Monocytes/macrophages are rich in Fc receptor (FcR). IgG can bind to cell surface by interacting with FcR through Fc region. To rule out the binding of IgG to FcR, FcR was blocked by using anti-CD16/CD32/CD64 antibodies before incubation with anti-TLR4 antibody. Cells were then pre-treated with anti-dsDNA antibodies before incubation with anti-TLR4 antibody. The binding of anti-TLR4 antibody to monocyte-derived macrophages was completely blocked by pre-treatment with anti-dsDNA antibodies but not with control IgG (Fig. 4a). The activation of NLRP3 inflammasome stimulated by anti-dsDNA antibodies was further confirmed in THP-1 cell line. TLR4-specific siRNA was used to deplete TLR4 in THP-1 cells and gene silencing was confirmed by flow cytometry (Fig. 4b). Anti-dsDNA antibodies stimulated the activation of NLRP3 inflammasome as evident by increased expression of Caspase-1 p10 in THP-1 cell line (Fig. 4c). The expression of caspase-1 p10 was significantly inhibited by TLR4-specific siRNA (Fig. 4c). The production of IL-1β was also significantly decreased (Fig. 4d). Interestingly, the expression of pro-IL-1 and ASC was also significantly inhibited by TLR4-specific siRNA. Furthermore, IκB kinase inhibitor peptide significantly decreased the expression of pro-IL-1 and the activation of NLRP3 inflammasome (Fig. 4c, d). These data implied that anti-dsDNA antibodies activated NLRP3 inflammasome by binding to TLR4 in macrophages.

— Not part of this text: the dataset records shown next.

lemma lborel_eq_distr_vec_lambda:
  "(lborel :: (real^'n::finite) measure) = distr (PiM UNIV (\<lambda>_. lborel)) borel (\<lambda>f. \<chi> j. f j)"
proof (rule lborel_eqI)
  interpret product_sigma_finite "\<lambda>_::'n. lborel::real measure" by standard
  fix l u :: "real^'n"
  assume le: "\<And>b. b \<in> Basis \<Longrightarrow> l \<bullet> b \<le> u \<bullet> b"
  have le': "l $ j \<le> u $ j" for j using le[of "axis j 1"] by (auto simp: Basis_vec_def inner_axis)
  have vimage: "(\<lambda>f. \<chi> j. f j) -` box l u \<inter> space (PiM UNIV (\<lambda>_. lborel)) = PiE UNIV (\<lambda>j. {l$j<..<u$j})"
    by (auto simp: space_PiM mem_box_cart PiE_def extensional_def Pi_iff)
  have "emeasure (distr (PiM UNIV (\<lambda>_. lborel)) borel (\<lambda>f. \<chi> j. f j)) (box l u)
      = emeasure (PiM UNIV (\<lambda>_. lborel)) (PiE UNIV (\<lambda>j. {l$j<..<u$j}))"
    by (subst emeasure_distr) (auto simp: vimage)
  also have "\<dots> = ennreal (\<Prod>j\<in>UNIV. u$j - l$j)"
    by (subst emeasure_PiM) (auto simp: le' prod_ennreal)
  also have "(\<Prod>j\<in>UNIV. u$j - l$j) = (\<Prod>b\<in>Basis. (u - l) \<bullet> b)"
  proof -
    have Basis: "Basis = (\<lambda>j. axis j (1::real)) ` (UNIV::'n set)" by (auto simp: Basis_vec_def)
    have "inj (\<lambda>j. axis j (1::real) :: real^'n)" by (auto simp: inj_def axis_eq_axis)
    thus ?thesis unfolding Basis by (simp add: prod.reindex inner_axis o_def)
  qed
  finally show "emeasure (distr (PiM UNIV (\<lambda>_. lborel)) borel (\<lambda>f. \<chi> j. f j)) (box l u)
      = (\<Prod>b\<in>Basis. (u - l) \<bullet> b)"
    using le by (simp add: prod_nonneg)
qed simp

lemma measurable_face_pt [measurable]: "face_pt i c \<in> borel_measurable (face_measure i)"
  unfolding face_measure_def
  apply (subst borel_measurable_euclidean_space)
  apply (clarsimp simp: Basis_vec_def inner_axis face_pt_def)
  subgoal for j by (cases "j = i") (auto intro: measurable_component_singleton)
  done

lemma nn_integral_lborel_eq_face_iterated:
  fixes g :: "real^'n::finite \<Rightarrow> ennreal"
  assumes [measurable]: "g \<in> borel_measurable borel"
  shows "(\<integral>\<^sup>+x. g x \<partial>lborel) = (\<integral>\<^sup>+y. (\<integral>\<^sup>+t. g (face_pt i t y) \<partial>lborel) \<partial>face_measure i)"
proof -
  interpret product_sigma_finite "\<lambda>_::'n. lborel::real measure" by standard
  have UNIV_eq: "insert i (UNIV - {i}) = UNIV" by auto
  have "(\<integral>\<^sup>+x. g x \<partial>lborel) = (\<integral>\<^sup>+f. g (\<chi> j. f j) \<partial>PiM (insert i (UNIV - {i})) (\<lambda>_. lborel))"
    by (subst lborel_eq_distr_vec_lambda) (simp add: nn_integral_distr UNIV_eq)
  also have "\<dots> = (\<integral>\<^sup>+y. (\<integral>\<^sup>+t. g (\<chi> j. (y(i:=t)) j) \<partial>lborel) \<partial>PiM (UNIV - {i}) (\<lambda>_. lborel))"
    by (rule product_nn_integral_insert) (auto simp: UNIV_eq)
  also have "\<dots> = (\<integral>\<^sup>+y. (\<integral>\<^sup>+t. g (face_pt i t y) \<partial>lborel) \<partial>face_measure i)"
    unfolding face_measure_def face_pt_def by (simp add: fun_upd_def)
  finally show ?thesis .
qed

lemma face_pt_add_axis: "face_pt i t y + s *\<^sub>R axis i 1 = face_pt i (s + t) y"
  by (simp add: vec_eq_iff face_pt_def axis_def)

lemma continuous_on_face_pt [continuous_intros]: "continuous_on S (\<lambda>t. face_pt i t y)"
proof -
  have eq: "(\<lambda>t. face_pt i t y) = (\<lambda>t. face_pt i 0 y + t *\<^sub>R axis i 1)"
    using face_pt_add_axis[of i 0 y] by simp
  show ?thesis by (subst eq) (intro continuous_intros)
qed

lemma mem_box_face_pt:
  "face_pt i t y \<in> box a b \<longleftrightarrow> a$i < t \<and> t < b$i \<and> (\<forall>j. j \<noteq> i \<longrightarrow> a$j < y j \<and> y j < b$j)"
  by (auto simp: mem_box_cart face_pt_def)

lemma mem_face_box:
  assumes "y \<in> space (face_measure i)"
  shows "y \<in> face_box a b i \<longleftrightarrow> (\<forall>j. j \<noteq> i \<longrightarrow> a$j < y j \<and> y j < b$j)"
  using assms by (auto simp: face_box_def face_measure_def space_PiM PiE_def Pi_iff)

lemma sets_face_box [measurable]: "face_box a b i \<in> sets (face_measure i)"
  unfolding face_box_def face_measure_def by (rule sets_PiM_I_finite) auto

lemma emeasure_face_box_finite: "emeasure (face_measure i) (face_box a b i) < \<infinity>"
proof -
  interpret product_sigma_finite "\<lambda>_::'a. lborel::real measure" by standard
  show ?thesis
    unfolding face_box_def face_measure_def
    using emeasure_lborel_box_finite[where 'a=real]
    by (subst emeasure_PiM) (auto simp: box_real less_top[symmetric] ennreal_prod_eq_top)
qed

Anti-dsDNA antibodies were injected into female (NZB × NZW) F1 mice. Healthy control IgG or vehicle was used as controls. Anti-dsDNA antibodies stimulated the activation of inflammasome in monocytes of mice receiving anti-dsDNA antibody injection (Fig. 5a). In the anti-dsDNA antibody-injected mice, serum concentration of IL-1β and IL-17A was significantly higher as compared to control IgG or vehicle injected mice (Fig. 5b, c). The frequency of Th17 cells significantly increased in anti-dsDNA antibody-injected mice (Fig. 5d, e). However, the frequency of CD4⁺Foxp3⁺ Treg cells significantly decreased in anti-dsDNA antibody-injected mice compared to control IgG or vehicle-injected mice (Fig. 5f, g).